Una casi enseguida después de la otra, el Matemático percibe, cuando van llegando a la esquina, dos caras conocidas: la primera es la del propietario del quiosco de revistas que se despliega en la ochava; como el hombre está sentado en un banquito en medio de su mercadería y bien contra ella para ponerse al abrigo del sol que golpea por la transversal, su busto resalta contra el fondo chato de semanarios, de mensuales y de matutinos, contra fotos en colores de estrellas de cine en bikini, dirigentes políticos y sindicales, campeones de fútbol, fotos repetidas varias veces, del mismo modo que los titulares negros y regulares de los diarios o los personajes de historietas. A causa de su repetición, las imágenes, que forman un fondo oblongo, se vuelven casi abstractas, transformándose en una especie de guarda abigarrada que parece decorar el retrato en relieve del quiosquero, cuya mirada, perdida en el fondo de la calle, el Matemático no logra encontrar para intercambiar con él el saludo que ya tiene preparado. Pero alzando otra vez la cabeza, sus ojos se encuentran con la segunda cara conocida que, ésta sí, pasando al lado de Leto, le sonríe. Es únicamente una cara conocida, ni siquiera lo que podría llamarse, con mayor precisión, un conocido. Una cara conocida -o sea, ¿no?, una cara que ocupa un lugar intermedio entre lo familiar y lo desconocido, a la que no podría ponerle un nombre pero que, de tanto pasar una y otra vez por su campo visual, ha terminado imponiendo sus rasgos peculiares a la memoria del Matemático, así como la cara del Matemático ha terminado imprimiéndose en la memoria del otro, de modo que a partir de cierto momento, cuando se cruzan en la calle, en prueba de reconocimiento, se saludan. Es verdad que, durante las ráfagas de extrañeza, también las caras familiares se vuelven, de golpe, desconocidas, pero hay una graduación que, partiendo desde ellas, y pasando, por los conocidos primero, por las caras conocidas después, y después por las caras desconocidas y los desconocidos, que son el último bastión de la experiencia, acaba llegando al horizonte oscuro y viscoso de lo desconocido -lo desconocido, ¿no?, o sea lo que, más allá del don fugaz de lo empírico, es trasfondo y persistencia, y que tratan de hacer retroceder, sin resultado, esas señales vagas que se cruzan, como perdidas, en el día.

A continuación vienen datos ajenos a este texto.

(* Let $c_1,c_2$ be positive constants and $h:=4(2\sqrt2 c_1+c_2^2)$. Then there exists a constant $\gamma_1>0$ such that, for all sufficiently large $n$, for every $(2n,d,b)$-clustered regular graph $G=(V,E)$, if each node $u\in V$ chooses a color in $\{red,blue\}$ uniformly at random and independently of the others, then $$\Pr\big[s^{(0)}_1\ge h\sqrt n \ \wedge\ -s^{(0)}_2\ge h\sqrt n\big]\ge\gamma_1.$$
   Context: A $(2n,d,b)$-clustered regular graph is a graph $G=(V,E)$ with $V=V_1\cup V_2$ disjoint, $|V_1|=|V_2|=n$, every node of degree $d$, every node of $V_1$ having exactly $b$ neighbors in $V_2$ and vice versa. For $i\in\{1,2\}$, $s^{(0)}_i$ denotes the number of red nodes in $V_i$ minus the number of blue nodes in $V_i$ in the initial coloring. *)

theory Defs
  imports "HOL-Probability.Probability"
begin

definition clustered_regular ::
  "nat \<Rightarrow> nat \<Rightarrow> nat \<Rightarrow> nat set \<Rightarrow> nat set \<Rightarrow> (nat \<Rightarrow> nat \<Rightarrow> bool) \<Rightarrow> bool" where
  "clustered_regular n d b V1 V2 E \<longleftrightarrow>
     finite V1 \<and> finite V2 \<and> V1 \<inter> V2 = {} \<and> card V1 = n \<and> card V2 = n \<and>
     (\<forall>u v. E u v \<longrightarrow> E v u) \<and> (\<forall>u. \<not> E u u) \<and>
     (\<forall>u v. E u v \<longrightarrow> u \<in> V1 \<union> V2 \<and> v \<in> V1 \<union> V2) \<and>
     (\<forall>u \<in> V1 \<union> V2. card {v \<in> V1 \<union> V2. E u v} = d) \<and>
     (\<forall>u \<in> V1. card {v \<in> V2. E u v} = b) \<and>
     (\<forall>u \<in> V2. card {v \<in> V1. E u v} = b)"

text \<open>Colorings: True = red, False = blue. s A col = #red in A - #blue in A.\<close>
definition spin_sum :: "nat set \<Rightarrow> (nat \<Rightarrow> bool) \<Rightarrow> int" where
  "spin_sum A col = int (card {u \<in> A. col u}) - int (card {u \<in> A. \<not> col u})"

definition uniform_coloring :: "nat set \<Rightarrow> (nat \<Rightarrow> bool) pmf" where
  "uniform_coloring V = pmf_of_set (V \<rightarrow>\<^sub>E (UNIV :: bool set))"

end

theory Submission
  imports Defs
begin

text \<open>The spin sums of the two clusters are independent, and each is distributed as
  \<open>2X - n\<close> with \<open>X \<sim> Bin(n, 1/2)\<close>; by the red/blue symmetry the event has probability \<open>p\<^sup>2\<close>,
  where \<open>p\<close> is the probability that \<open>2X - n \<ge> h \<surd>n\<close>. To bound \<open>p\<close> from below uniformly in
  \<open>n\<close>, look at the window \<open>m + T \<le> k < m + 2T\<close> with \<open>m = n div 2\<close> and \<open>T \<approx> h \<surd>n / 2\<close>: there the
  ratio of consecutive binomial coefficients is at least \<open>(m - 2T)/(m + 2T)\<close>, so each coefficient
  is at least \<open>exp(-O(h\<^sup>2))\<close> times the central one, which is at least \<open>4\<^sup>m / (2\<surd>m)\<close>.\<close>

lemma central_binomial_Suc:
  "real (2 * Suc m choose Suc m) * (real m + 1) = real (2 * m choose m) * (2 * (2 * real m + 1))"
proof -
  have Suc: "real (2 * Suc m choose Suc m) = fact (Suc (Suc (2 * m))) / (fact (Suc m) * fact (Suc m))"
    by (subst binomial_fact) (auto simp del: binomial_Suc_Suc)
  have central: "real (2 * m choose m) = fact (2 * m) / (fact m * fact m)"
    by (subst binomial_fact) (auto simp: mult_2)
  show ?thesis
    unfolding Suc central by (simp add: divide_simps) (simp add: algebra_simps)
qed

lemma central_binomial_squared_lower_bound:
  assumes "m > 0"
  shows "16 ^ m \<le> real (2 * m choose m) ^ 2 * (4 * real m)"
  using assms
proof (induction m rule: nat_induct_non_zero)
  case 1
  then show ?case by (simp add: numeral_2_eq_2)
next
  case (Suc m)
  define C where "C = real (2 * m choose m)"
  define C' where "C' = real (2 * Suc m choose Suc m)"
  have "16 ^ Suc m * (real m + 1) = 16 ^ m * (16 * (real m + 1))"
    by simp
  also have "\<dots> \<le> C ^ 2 * (4 * real m) * (16 * (real m + 1))"
    using Suc.IH unfolding C_def by (intro mult_right_mono) auto
  also have "\<dots> \<le> C ^ 2 * (16 * (2 * real m + 1) ^ 2)"
  proof -
    have "4 * real m * (16 * (real m + 1)) \<le> 16 * (2 * real m + 1) ^ 2"
      by (simp add: power2_eq_square algebra_simps)
    then show ?thesis
      by (simp add: mult.assoc mult_left_mono)
  qed
  also have "\<dots> = 4 * (C * (2 * (2 * real m + 1))) ^ 2"
    by (simp add: power2_eq_square algebra_simps)
  also have "\<dots> = C' ^ 2 * (4 * (real m + 1)) * (real m + 1)"
    unfolding C_def C'_def central_binomial_Suc[symmetric] by (simp add: power2_eq_square)
  finally have "16 ^ Suc m \<le> C' ^ 2 * (4 * (real m + 1))"
    by (rule mult_right_le_imp_le) simp
  then show ?case
    unfolding C'_def by (simp add: algebra_simps del: binomial_Suc_Suc)
qed

lemma central_binomial_lower_bound_sqrt:
  assumes "m > 0"
  shows "4 ^ m \<le> real (2 * m choose m) * (2 * sqrt m)"
proof -
  have "((4::real) ^ m) ^ 2 = 16 ^ m"
    by (simp add: power2_eq_square flip: power_mult_distrib)
  also have "\<dots> \<le> real (2 * m choose m) ^ 2 * (4 * real m)"
    using assms by (rule central_binomial_squared_lower_bound)
  also have "\<dots> = (real (2 * m choose m) * (2 * sqrt m)) ^ 2"
    by (simp add: power_mult_distrib)
  finally show ?thesis
    by (rule power2_le_imp_le) simp
qed

lemma binomial_geometric_lower_bound:
  fixes r :: real
  assumes "0 \<le> r" and ratio: "\<And>j. k \<le> j \<Longrightarrow> j < k + t \<Longrightarrow> r * (real j + 1) \<le> real n - real j"
  shows "real (n choose k) * r ^ t \<le> real (n choose (k + t))"
  using ratio
proof (induction t)
  case 0
  then show ?case by simp
next
  case (Suc t)
  have step: "r * (real (k + t) + 1) \<le> real n - real (k + t)"
    using Suc.prems[of "k + t"] by simp
  moreover have "0 \<le> r * (real (k + t) + 1)"
    using \<open>0 \<le> r\<close> by simp
  ultimately have "k + t \<le> n"
    by linarith
  have "real (n choose k) * r ^ Suc t * (real (k + t) + 1)
      = real (n choose k) * r ^ t * (r * (real (k + t) + 1))"
    by (simp add: algebra_simps)
  also have "\<dots> \<le> real (n choose (k + t)) * (real n - real (k + t))"
    using Suc \<open>0 \<le> r\<close> step by (intro mult_mono) auto
  also have "\<dots> = real (n choose (k + Suc t)) * (real (k + t) + 1)"
  proof -
    have "(n choose Suc (k + t)) * Suc (k + t) = (n choose (k + t)) * (n - (k + t))"
      by (metis binomial_absorb_comp binomial_absorption mult.commute)
    then have "real (n choose Suc (k + t)) * (real (k + t) + 1) = real (n choose (k + t)) * real (n - (k + t))"
      by (metis add.commute of_nat_Suc of_nat_mult)
    then show ?thesis
      using \<open>k + t \<le> n\<close> by (simp del: of_nat_add)
  qed
  finally show ?case
    by (rule mult_right_le_imp_le) simp
qed

lemma exp_le_one_minus_power:
  fixes x :: real
  assumes "0 \<le> x" "x \<le> 1/2"
  shows "exp (- 2 * real k * x) \<le> (1 - x) ^ k"
proof -
  have "- 2 * x \<le> ln (1 - x)"
  proof -
    have "x * (2 * x) \<le> x * 1"
      using assms by (intro mult_left_mono) auto
    then show ?thesis
      using ln_one_minus_pos_lower_bound[OF assms] by (simp add: power2_eq_square)
  qed
  then have "real k * (- 2 * x) \<le> real k * ln (1 - x)"
    by (intro mult_left_mono) auto
  then have "exp (- 2 * real k * x) \<le> exp (real k * ln (1 - x))"
    by (simp add: mult_ac)
  also have "\<dots> = (1 - x) ^ k"
    using assms by (simp add: exp_of_nat_mult)
  finally show ?thesis .
qed

lemma binomial_near_centre_lower_bound:
  assumes "6 * T \<le> m" "t \<le> 2 * T"
  shows "real (2 * m choose m) * exp (- 16 * real T ^ 2 / real m) \<le> real (2 * m choose (m + t))"
proof (cases "m = 0")
  case True
  then show ?thesis using assms by simp
next
  case False
  define x where "x = 4 * real T / (real m + 2 * real T)"
  have x: "0 \<le> x" "x \<le> 1/2"
    using assms(1) False by (auto simp: x_def field_simps)
  have ratio: "(1 - x) * (real j + 1) \<le> real (2 * m) - real j" if "m \<le> j" "j < m + t" for j
  proof -
    have "0 \<le> real m * (2 * real m + 4 * real T - 2 * real j - 1)"
      using that assms(2) by simp
    then have "(real m - 2 * real T) * (real j + 1) \<le> (2 * real m - real j) * (real m + 2 * real T)"
      by (simp add: algebra_simps)
    moreover have "1 - x = (real m - 2 * real T) / (real m + 2 * real T)"
      using False by (simp add: x_def field_simps)
    moreover have "real m + 2 * real T > 0"
      using False by simp
    ultimately show ?thesis
      by (simp add: pos_divide_le_eq mult.commute)
  qed
  have "exp (- 16 * real T ^ 2 / real m) \<le> exp (- 2 * real (2 * T) * x)"
    using False by (simp add: x_def field_simps power2_eq_square)
  also have "\<dots> \<le> (1 - x) ^ (2 * T)"
    using x by (rule exp_le_one_minus_power)
  also have "\<dots> \<le> (1 - x) ^ t"
    using x assms(2) by (intro power_decreasing) auto
  finally have "real (2 * m choose m) * exp (- 16 * real T ^ 2 / real m) \<le> real (2 * m choose m) * (1 - x) ^ t"
    by (intro mult_left_mono) auto
  also have "\<dots> \<le> real (2 * m choose (m + t))"
    using x ratio by (intro binomial_geometric_lower_bound) auto
  finally show ?thesis .
qed

lemma binomial_upper_tail_window:
  fixes L :: real and n T :: nat
  defines "m \<equiv> n div 2"
  assumes "6 * T \<le> m" "L * sqrt n + 1 \<le> 2 * real T"
  shows "real T * (real (2 * m choose m) * exp (- 16 * real T ^ 2 / real m))
    \<le> (\<Sum>k \<in> {k. L * sqrt n \<le> 2 * real k - real n} \<inter> {..n}. real (n choose k))"
proof -
  have m: "2 * m \<le> n" "real n \<le> 2 * real m + 1"
    unfolding m_def by linarith+
  have window: "{m + T..<m + 2 * T} \<subseteq> {k. L * sqrt n \<le> 2 * real k - real n} \<inter> {..n}"
  proof
    fix k assume "k \<in> {m + T..<m + 2 * T}"
    then have "m + T \<le> k" "k \<le> n"
      using assms(2) m(1) by auto
    then show "k \<in> {k. L * sqrt n \<le> 2 * real k - real n} \<inter> {..n}"
      using assms(3) m(2) by simp
  qed
  have "real T * (real (2 * m choose m) * exp (- 16 * real T ^ 2 / real m))
      = (\<Sum>k \<in> {m + T..<m + 2 * T}. real (2 * m choose m) * exp (- 16 * real T ^ 2 / real m))"
    by simp
  also have "\<dots> \<le> (\<Sum>k \<in> {m + T..<m + 2 * T}. real (n choose k))"
  proof (rule sum_mono)
    fix k assume k: "k \<in> {m + T..<m + 2 * T}"
    have "real (2 * m choose m) * exp (- 16 * real T ^ 2 / real m) \<le> real (2 * m choose (m + (k - m)))"
      using k assms(2) by (intro binomial_near_centre_lower_bound) auto
    also have "\<dots> \<le> real (n choose k)"
      using k m(1) by (simp add: binomial_right_mono)
    finally show "real (2 * m choose m) * exp (- 16 * real T ^ 2 / real m) \<le> real (n choose k)" .
  qed
  also have "\<dots> \<le> (\<Sum>k \<in> {k. L * sqrt n \<le> 2 * real k - real n} \<inter> {..n}. real (n choose k))"
    by (rule sum_mono2[OF finite_Int[OF disjI2[OF finite_atMost]] window]) simp
  finally show ?thesis .
qed

lemma tail_window_width:
  fixes L :: real
  assumes "L > 0" "(6 * L + 20) ^ 2 \<le> real n"
  obtains T :: nat where "L * sqrt n + 1 \<le> 2 * real T" "6 * T \<le> n div 2"
    "16 * real T ^ 2 \<le> (24 * L ^ 2 + 72) * real (n div 2)"
proof -
  define m where "m = n div 2"
  define y where "y = (L * sqrt n + 1) / 2"
  define T where "T = nat \<lceil>y\<rceil>"
  have m: "2 * real m \<le> real n" "real n \<le> 2 * real m + 1"
    unfolding m_def by linarith+
  have "0 \<le> y"
    using assms(1) by (simp add: y_def)
  then have "real T = of_int \<lceil>y\<rceil>"
    unfolding T_def by (intro of_nat_nat) simp
  then have "y \<le> real T" "real T < y + 1"
    using ceiling_correct[of y] by auto
  moreover have "L * sqrt n + 1 = 2 * y"
    by (simp add: y_def)
  ultimately have lower: "L * sqrt n + 1 \<le> 2 * real T" and upper: "2 * real T \<le> L * sqrt n + 3"
    by linarith+
  have sqrt_n: "6 * L + 20 \<le> sqrt n"
    using assms real_le_rsqrt by simp
  then have "(6 * L + 20) * 20 \<le> (6 * L + 20) * sqrt n" "(6 * L + 20) * sqrt n \<le> sqrt n * sqrt n"
    using assms(1) by (intro mult_left_mono mult_right_mono; simp)+
  then have "6 * L * sqrt n + 400 \<le> real n"
    using assms(1) sqrt_n by (simp add: algebra_simps)
  then have "6 * T \<le> m" "m > 0"
    using m lower upper \<open>0 \<le> y\<close> \<open>L * sqrt n + 1 = 2 * y\<close> by linarith+
  have "16 * real T ^ 2 \<le> 4 * (L * sqrt n + 3) ^ 2"
    using upper power_mono[of "2 * real T" "L * sqrt n + 3" 2] by (simp add: power_mult_distrib)
  also have "\<dots> \<le> 8 * L ^ 2 * real n + 72"
  proof -
    have "4 * (a + 3) ^ 2 \<le> 8 * a ^ 2 + 72" for a :: real
      using zero_le_power2[of "a - 3"] by (simp add: power2_eq_square algebra_simps)
    from this[of "L * sqrt n"] show ?thesis
      by (simp add: power_mult_distrib)
  qed
  also have "\<dots> \<le> (24 * L ^ 2 + 72) * real m"
    using m \<open>m > 0\<close> mult_left_mono[of "real n" "3 * real m" "8 * L ^ 2"] by (simp add: algebra_simps)
  finally show thesis
    using that lower \<open>6 * T \<le> m\<close> unfolding m_def by blast
qed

Manteniendo el paso idéntico, regular, Leto y el Matemático bajan de la vereda a la calle y empiezan a cruzarla. Un auto lento los intercepta y, como frena en la bocacalle, lo sortean por delante, los dos al mismo tiempo, sin detenerse ni variar el paso, sin ni siquiera mirarlo, como dos robots al que un dispositivo electrónico preprogramado hiciera esquivar automáticamente los obstáculos; y cuando están llegando a la vereda de enfrente, los dos pliegan, simultáneos, la pierna izquierda, y la elevan por encima del cordón.